§ **Task requirements**
Would you copy all lines in the data that contain the word "only"?

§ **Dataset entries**
section \<open>The equations of the correspondence\<close>

text \<open>
  In the notation of the paper: \<open>psi_ext = s\<mu> * \<psi>t\<close>, \<open>nu_ext = s\<mu> * \<nu>t\<close>,
  \<open>vartheta_ext = s\<mu> * \<vartheta>t\<close>, \<open>em_id_psi = \<psi> * \<eta>s\<close> (the identity 2-cell on
  \<open>(s, \<psi>)\<close>) and \<open>Theta_psi_nu = s\<mu> * s\<mu>t * \<nu>tt * s\<psi>t\<close>.
\<close>

abbreviation psi_ext :: dterm where
  "psi_ext \<equiv> Idw [S] \<odot> Gen Mu \<star> Gen Psi \<odot> Idw [T]"

abbreviation nu_ext :: dterm where
  "nu_ext \<equiv> Idw [S] \<odot> Gen Mu \<star> Gen Nu \<odot> Idw [T]"

abbreviation vartheta_ext :: dterm where
  "vartheta_ext \<equiv> Idw [S] \<odot> Gen Mu \<star> Gen Vartheta \<odot> Idw [T]"

abbreviation em_id_psi :: dterm where
  "em_id_psi \<equiv> Gen Psi \<star> Gen Eta \<odot> Idw [S]"

abbreviation Theta_psi_nu :: dterm where
  "Theta_psi_nu \<equiv>
    Idw [S] \<odot> Gen Mu \<star> (Idw [S] \<odot> Gen Mu) \<odot> Idw [T] \<star> Gen Nu \<odot> Idw [T, T] \<star>
    (Idw [S] \<odot> Gen Psi) \<odot> Idw [T]"

definition eq_mu_assoc :: equation where
  "eq_mu_assoc = (Gen Mu \<star> Gen Mu \<odot> Idw [T],
    Gen Mu \<star> Idw [T] \<odot> Gen Mu)"

definition eq_mu_unit_left :: equation where
  "eq_mu_unit_left = (Gen Mu \<star> Gen Eta \<odot> Idw [T],
    Idw [T])"

definition eq_mu_unit_right :: equation where
  "eq_mu_unit_right = (Gen Mu \<star> Idw [T] \<odot> Gen Eta,
    Idw [T])"

definition eq_psi_mu :: equation where
  "eq_psi_mu = (Idw [S] \<odot> Gen Mu \<star> Gen Psi \<odot> Idw [T] \<star> Idw [T] \<odot> Gen Psi,
    Gen Psi \<star> Gen Mu \<odot> Idw [S])"

definition eq_nu_compat :: equation where
  "eq_nu_compat = (Idw [S] \<odot> Gen Mu \<star> Gen Nu \<odot> Idw [T] \<star> Idw [S] \<odot> Gen Psi \<star> Gen Psi \<odot> Idw [S],
    Idw [S] \<odot> Gen Mu \<star> Gen Psi \<odot> Idw [T] \<star> Idw [T] \<odot> Gen Nu)"

definition eq_nu_normal :: equation where
  "eq_nu_normal = (Idw [S] \<odot> Gen Mu \<star> Gen Psi \<odot> Idw [T] \<star> Gen Eta \<odot> Idw [S, T] \<star> Gen Nu,
    Gen Nu)"

definition eq_vartheta_compat :: equation where
  "eq_vartheta_compat = (Idw [S] \<odot> Gen Mu \<star> Gen Psi \<odot> Idw [T] \<star> Idw [T] \<odot> Gen Vartheta,
    Idw [S] \<odot> Gen Mu \<star> Gen Vartheta \<odot> Idw [T] \<star> Idw [T])"

definition eq_vartheta_normal :: equation where
  "eq_vartheta_normal = (Idw [S] \<odot> Gen Mu \<star> Gen Psi \<odot> Idw [T] \<star> Gen Eta \<odot> Idw [S, T] \<star> Gen Vartheta,
    Gen Vartheta)"

definition eq_em_assoc :: equation where
  "eq_em_assoc =
    (Idw [S] \<odot> Gen Mu \<star> Gen Nu \<odot> Idw [T] \<star> Idw [S, S] \<odot> Gen Mu \<star>
     (Idw [S] \<odot> em_id_psi) \<odot> Idw [T] \<star> Idw [S] \<odot> Gen Psi \<star>
     Gen Nu \<odot> Idw [S],
     Idw [S] \<odot> Gen Mu \<star> Gen Nu \<odot> Idw [T] \<star> Idw [S, S] \<odot> Gen Mu \<star>
     (Idw [S] \<odot> Gen Nu) \<odot> Idw [T] \<star> Idw [S] \<odot> (Idw [S] \<odot> Gen Psi \<star> Gen Psi \<odot> Idw [S]) \<star>
     em_id_psi \<odot> Idw [S, S])"

definition eq_em_unit_left :: equation where
  "eq_em_unit_left =
    (Idw [S] \<odot> Gen Mu \<star> Gen Nu \<odot> Idw [T] \<star> Idw [S, S] \<odot> Gen Mu \<star>
     (Idw [S] \<odot> em_id_psi) \<odot> Idw [T] \<star> Idw [S] \<odot> Gen Psi \<star>
     Gen Vartheta \<odot> Idw [S],
     em_id_psi)"

definition eq_em_unit_right :: equation where
  "eq_em_unit_right =
    (Idw [S] \<odot> Gen Mu \<star> Gen Nu \<odot> Idw [T] \<star> Idw [S, S] \<odot> Gen Mu \<star>
     (Idw [S] \<odot> Gen Vartheta) \<odot> Idw [T] \<star> Idw [S] \<odot> Idw [T] \<star>
     em_id_psi \<odot> Idw [],
     em_id_psi)"

definition eq_premonad_assoc :: equation where
  "eq_premonad_assoc = (Gen Theta \<star> Gen Theta \<odot> Idw [S, T],
    Gen Theta \<star> Idw [S, T] \<odot> Gen Theta)"

definition eq_premonad_unit_comm :: equation where
  "eq_premonad_unit_comm = (Gen Theta \<star> Gen Vartheta \<odot> Idw [S, T],
    Gen Theta \<star> Idw [S, T] \<odot> Gen Vartheta)"

definition eq_premonad_unit_unit :: equation where
  "eq_premonad_unit_unit = (Gen Theta \<star> Gen Vartheta \<odot> Gen Vartheta,
    Gen Vartheta)"

definition eq_premonad_unit_absorb :: equation where
  "eq_premonad_unit_absorb = (Gen Theta \<star> Gen Theta \<odot> Idw [S, T] \<star> Gen Vartheta \<odot> Idw [S, T, S, T],
    Gen Theta)"

definition eq_premonad_mu :: equation where
  "eq_premonad_mu = (Gen Theta \<star> Idw [S, T, S] \<odot> Gen Mu,
    Idw [S] \<odot> Gen Mu \<star> Gen Theta \<odot> Idw [T])"

definition eq_Theta_from_psi_nu :: equation where
  "eq_Theta_from_psi_nu = (Gen Theta,
    Theta_psi_nu)"

definition eq_psi_from_Theta :: equation where
  "eq_psi_from_Theta = (Gen Psi,
    Gen Theta \<star> vartheta_ext \<odot> Idw [S] \<odot> Gen Eta)"

definition eq_nu_from_Theta :: equation where
  "eq_nu_from_Theta = (Gen Nu,
    Gen Theta \<star> (Idw [S] \<odot> Gen Eta) \<odot> Idw [S] \<odot> Gen Eta)"

definition eq_psi_normal :: equation where
  "eq_psi_normal = (psi_ext \<star> Gen Eta \<odot> Idw [S, T] \<star> Gen Psi,
    Gen Psi)"

definition eq_Theta_psi :: equation where
  "eq_Theta_psi = (Theta_psi_nu \<star> Gen Psi \<odot> Idw [S, T],
    psi_ext \<star> Idw [T] \<odot> nu_ext)"

definition eq_nu_ext_normal :: equation where
  "eq_nu_ext_normal = (psi_ext \<star> Gen Eta \<odot> Idw [S, T] \<star> nu_ext,
    nu_ext)"

definition eq_nu_ext_assoc :: equation where
  "eq_nu_ext_assoc = (nu_ext \<star> Idw [S] \<odot> Gen Psi \<star> Gen Nu \<odot> Idw [S],
    nu_ext \<star> Idw [S] \<odot> Gen Nu)"

definition eq_nu_ext_unit_left :: equation where
  "eq_nu_ext_unit_left = (nu_ext \<star> Idw [S] \<odot> Gen Psi \<star> Gen Vartheta \<odot> Idw [S],
    em_id_psi)"

definition eq_nu_ext_unit_right :: equation where
  "eq_nu_ext_unit_right = (nu_ext \<star> Idw [S] \<odot> Gen Vartheta,
    em_id_psi)"

definition eq_nu_ext_assoc_whisker :: equation where
  "eq_nu_ext_assoc_whisker = (nu_ext \<star> Idw [S] \<odot> nu_ext,
    Theta_psi_nu \<star> Gen Nu \<odot> Idw [S, T])"

definition eq_psi_ext_mu :: equation where
  "eq_psi_ext_mu = (psi_ext \<star> Idw [T] \<odot> psi_ext,
    psi_ext \<star> Gen Mu \<odot> Idw [S, T])"

definition eq_Theta_mu :: equation where
  "eq_Theta_mu = (Theta_psi_nu \<star> Idw [S] \<odot> Gen Mu \<odot> Idw [S, T],
    Theta_psi_nu \<star> Idw [S, T] \<odot> psi_ext)"

definition eq_Theta_eta :: equation where
  "eq_Theta_eta = (Gen Theta \<star> (psi_ext \<star> Gen Eta \<odot> Idw [S, T]) \<odot> Idw [S, T],
    Gen Theta)"

definition eq_Theta_unit_Theta :: equation where
  "eq_Theta_unit_Theta = (Gen Theta \<star> Gen Vartheta \<odot> Idw [S, T] \<star> Gen Theta,
    Gen Theta)"

definition eq_Theta_vartheta_ext :: equation where
  "eq_Theta_vartheta_ext = (Gen Theta \<star> vartheta_ext \<odot> Gen Vartheta,
    vartheta_ext)"

definition eq_Theta_eta_vartheta :: equation where
  "eq_Theta_eta_vartheta = (Gen Theta \<star> (Idw [S] \<odot> Gen Eta) \<odot> vartheta_ext,
    Gen Theta \<star> Gen Vartheta \<odot> Idw [S, T])"

locale monad_diagram = diagram_semantics +
  fixes f :: "gen \<Rightarrow> 'c"
  assumes typed_f: "typed f"
    and mu_assoc: "holds f eq_mu_assoc"
    and mu_unit_left: "holds f eq_mu_unit_left"
    and mu_unit_right: "holds f eq_mu_unit_right"

locale em_cell_diagram = monad_diagram +
  assumes psi_mu: "holds f eq_psi_mu"
    and nu_compat: "holds f eq_nu_compat"
    and nu_normal: "holds f eq_nu_normal"
    and vartheta_compat: "holds f eq_vartheta_compat"
    and vartheta_normal: "holds f eq_vartheta_normal"
begin
lemma transversals_Suc:
  "transversals W (Suc N) V = (\<Union>w\<in>{w\<in>W. 1 + w \<in> V}.
     (\<lambda>cs. (1 + w) # map (\<lambda>v. v + 1) cs) ` transversals W N ((\<lambda>v. v - 1) ` (V - {1 + w})))"
proof (intro equalityI subsetI)
  fix cs assume cs: "cs \<in> transversals W (Suc N) V"
  then obtain c cs' where c: "cs = c # cs'"
    unfolding transversals_def by (cases cs) auto
  then have "c \<in> V" "c - 1 \<in> W" "map (\<lambda>v. v - 1) cs' \<in> transversals W N ((\<lambda>v. v - 1) ` (V - {c}))"
    using cs Cons_in_transversals_iff by auto
  moreover have "cs = (1 + (c - 1)) # map (\<lambda>v. v + 1) (map (\<lambda>v. v - 1) cs')"
    unfolding c by (simp add: map_idI)
  ultimately show "cs \<in> (\<Union>w\<in>{w\<in>W. 1 + w \<in> V}.
      (\<lambda>cs. (1 + w) # map (\<lambda>v. v + 1) cs) ` transversals W N ((\<lambda>v. v - 1) ` (V - {1 + w})))"
    by force
next
  fix cs assume "cs \<in> (\<Union>w\<in>{w\<in>W. 1 + w \<in> V}.
      (\<lambda>cs. (1 + w) # map (\<lambda>v. v + 1) cs) ` transversals W N ((\<lambda>v. v - 1) ` (V - {1 + w})))"
  then obtain w ts where "w \<in> W" "1 + w \<in> V" "ts \<in> transversals W N ((\<lambda>v. v - 1) ` (V - {1 + w}))"
    and "cs = (1 + w) # map (\<lambda>v. v + 1) ts"
    by blast
  moreover have "map (\<lambda>v. v - 1) (map (\<lambda>v. v + 1) ts) = ts"
    by (simp add: map_idI)
  ultimately show "cs \<in> transversals W (Suc N) V"
    by (simp only: Cons_in_transversals_iff) simp
qed

(* Expansion along the first row: renumbering rows 2..N+1 as 1..N shifts every column by -1. *)
lemma toeplitz_perm_Suc:
  assumes "finite W"
  shows "toeplitz_perm W (Suc N) V =
    (\<Sum>w\<in>W. if 1 + w \<in> V then toeplitz_perm W N ((\<lambda>v. v - 1) ` (V - {1 + w})) else 0)"
proof -
  define push where "push w cs = (1 + w) # map (\<lambda>v. v + 1) cs" for w and cs :: "int list"
  have inj_push: "inj (push w)" for w
    by (rule injI) (simp add: push_def inj_map_eq_map inj_on_def)
  have "toeplitz_perm W (Suc N) V = (\<Sum>w\<in>{w\<in>W. 1 + w \<in> V}.
      card (push w ` transversals W N ((\<lambda>v. v - 1) ` (V - {1 + w}))))"
    unfolding toeplitz_perm_def transversals_Suc push_def[symmetric]
    by (rule card_UN_disjoint) (use assms finite_transversals in \<open>auto simp: push_def\<close>)
  also have "\<dots> = (\<Sum>w\<in>{w\<in>W. 1 + w \<in> V}. toeplitz_perm W N ((\<lambda>v. v - 1) ` (V - {1 + w})))"
    unfolding toeplitz_perm_def by (simp add: card_image inj_on_subset[OF inj_push])
  finally show ?thesis
    by (simp add: sum.inter_filter[OF assms])
qed

(* Column 1 + min W can only be reached from row 1. *)
lemma toeplitz_perm_Suc_forced:
  assumes "finite W" and "w\<^sub>0 \<in> W" and "\<forall>w\<in>W. w\<^sub>0 \<le> w" and "1 + w\<^sub>0 \<in> V"
  shows "toeplitz_perm W (Suc N) V = toeplitz_perm W N ((\<lambda>v. v - 1) ` (V - {1 + w\<^sub>0}))"
proof -
  have "toeplitz_perm W N ((\<lambda>v. v - 1) ` (V - {1 + w})) = 0" if "w \<in> W" "w \<noteq> w\<^sub>0" for w
  proof (rule toeplitz_perm_eq_0_if_unreachable)
    show "w\<^sub>0 \<in> (\<lambda>v. v - 1) ` (V - {1 + w})"
      using assms(4) that(2) by (auto intro: image_eqI[of _ _ "1 + w\<^sub>0"])
  qed (use assms(3) in simp)
  then have "(\<Sum>w\<in>W. if 1 + w \<in> V then toeplitz_perm W N ((\<lambda>v. v - 1) ` (V - {1 + w})) else 0) =
      (\<Sum>w\<in>W. if w = w\<^sub>0 then toeplitz_perm W N ((\<lambda>v. v - 1) ` (V - {1 + w\<^sub>0})) else 0)"
    using assms(4) by (intro sum.cong) auto
  then show ?thesis
    using assms(1,2) by (simp add: toeplitz_perm_Suc)
qed

definition perm_list :: "nat \<Rightarrow> (nat \<Rightarrow> nat) \<Rightarrow> int list" where
  "perm_list N \<pi> = map (\<lambda>i. int (\<pi> (Suc i))) [0..<N]"

lemma perm_list_nth:
  assumes "i \<in> {1..N}"
  shows "perm_list N \<pi> ! (i - 1) = int (\<pi> i)"
  using assms unfolding perm_list_def by (cases i) auto

lemma set_perm_list: "set (perm_list N \<pi>) = int ` \<pi> ` {1..N}"
proof -
  have "{1..N} = Suc ` {0..<N}"
    by (simp add: atLeastLessThanSuc_atLeastAtMost)
  then show ?thesis
    unfolding perm_list_def by (simp only: set_map set_upt image_image)
qed

lemma perm_list_in_transversals:
  assumes "\<pi> permutes {1..N}" and "\<forall>i\<in>{1..N}. int (\<pi> i) - int i \<in> W"
  shows "perm_list N \<pi> \<in> transversals W N {1..int N}"
proof -
  have "inj_on (\<lambda>i. int (\<pi> (Suc i))) {0..<N}"
    by (rule inj_onI) (metis permutes_inj[OF assms(1)] injD nat.inject of_nat_eq_iff)
  then have "distinct (perm_list N \<pi>)"
    unfolding perm_list_def by (simp add: distinct_map)
  moreover have "\<forall>i<N. perm_list N \<pi> ! i - int (Suc i) \<in> W"
    using assms(2) unfolding perm_list_def by (simp del: of_nat_Suc)
  ultimately show ?thesis
    using assms(1) set_perm_list[of N \<pi>] unfolding transversals_def
    by (simp add: permutes_image image_int_atLeastAtMost perm_list_def)
qed

lemma transversal_eq_perm_list:
  assumes "cs \<in> transversals W N {1..int N}"
  obtains \<pi> where "\<pi> permutes {1..N}" and "\<forall>i\<in>{1..N}. int (\<pi> i) - int i \<in> W"
    and "perm_list N \<pi> = cs"
proof -
  define \<pi> where "\<pi> i = (if i \<in> {1..N} then nat (cs ! (i - 1)) else i)" for i
  have len: "length cs = N" and fits: "\<forall>k<N. cs ! k - int (Suc k) \<in> W"
    using assms unfolding transversals_def by auto
  have "cs ! k \<ge> 0" if "k < N" for k
    using assms that nth_mem[of k cs] unfolding transversals_def by auto
  then have cs: "perm_list N \<pi> = cs"
    using len unfolding perm_list_def \<pi>_def by (intro nth_equalityI) auto
  have "int ` \<pi> ` {1..N} = int ` {1..N}"
    using assms set_perm_list[of N \<pi>] unfolding cs transversals_def
    by (simp add: image_int_atLeastAtMost)
  then have "\<pi> ` {1..N} = {1..N}"
    by (simp add: inj_image_eq_iff)
  then have "bij_betw \<pi> {1..N} {1..N}"
    by (simp add: bij_betw_def finite_surj_inj)
  then have "\<pi> permutes {1..N}"
    by (rule bij_imp_permutes) (auto simp: \<pi>_def)
  moreover have "int (\<pi> i) - int i \<in> W" if "i \<in> {1..N}" for i
  proof -
    have "i - 1 < N" and "Suc (i - 1) = i"
      using that by auto
    then show ?thesis
      using fits perm_list_nth[OF that, of \<pi>] unfolding cs by metis
  qed
  ultimately show ?thesis
    using that cs by blast
qed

§ **Task response**
    by (simp only: Cons_in_transversals_iff) simp
(* Column 1 + min W can only be reached from row 1. *)
    unfolding perm_list_def by (simp only: set_map set_upt image_image)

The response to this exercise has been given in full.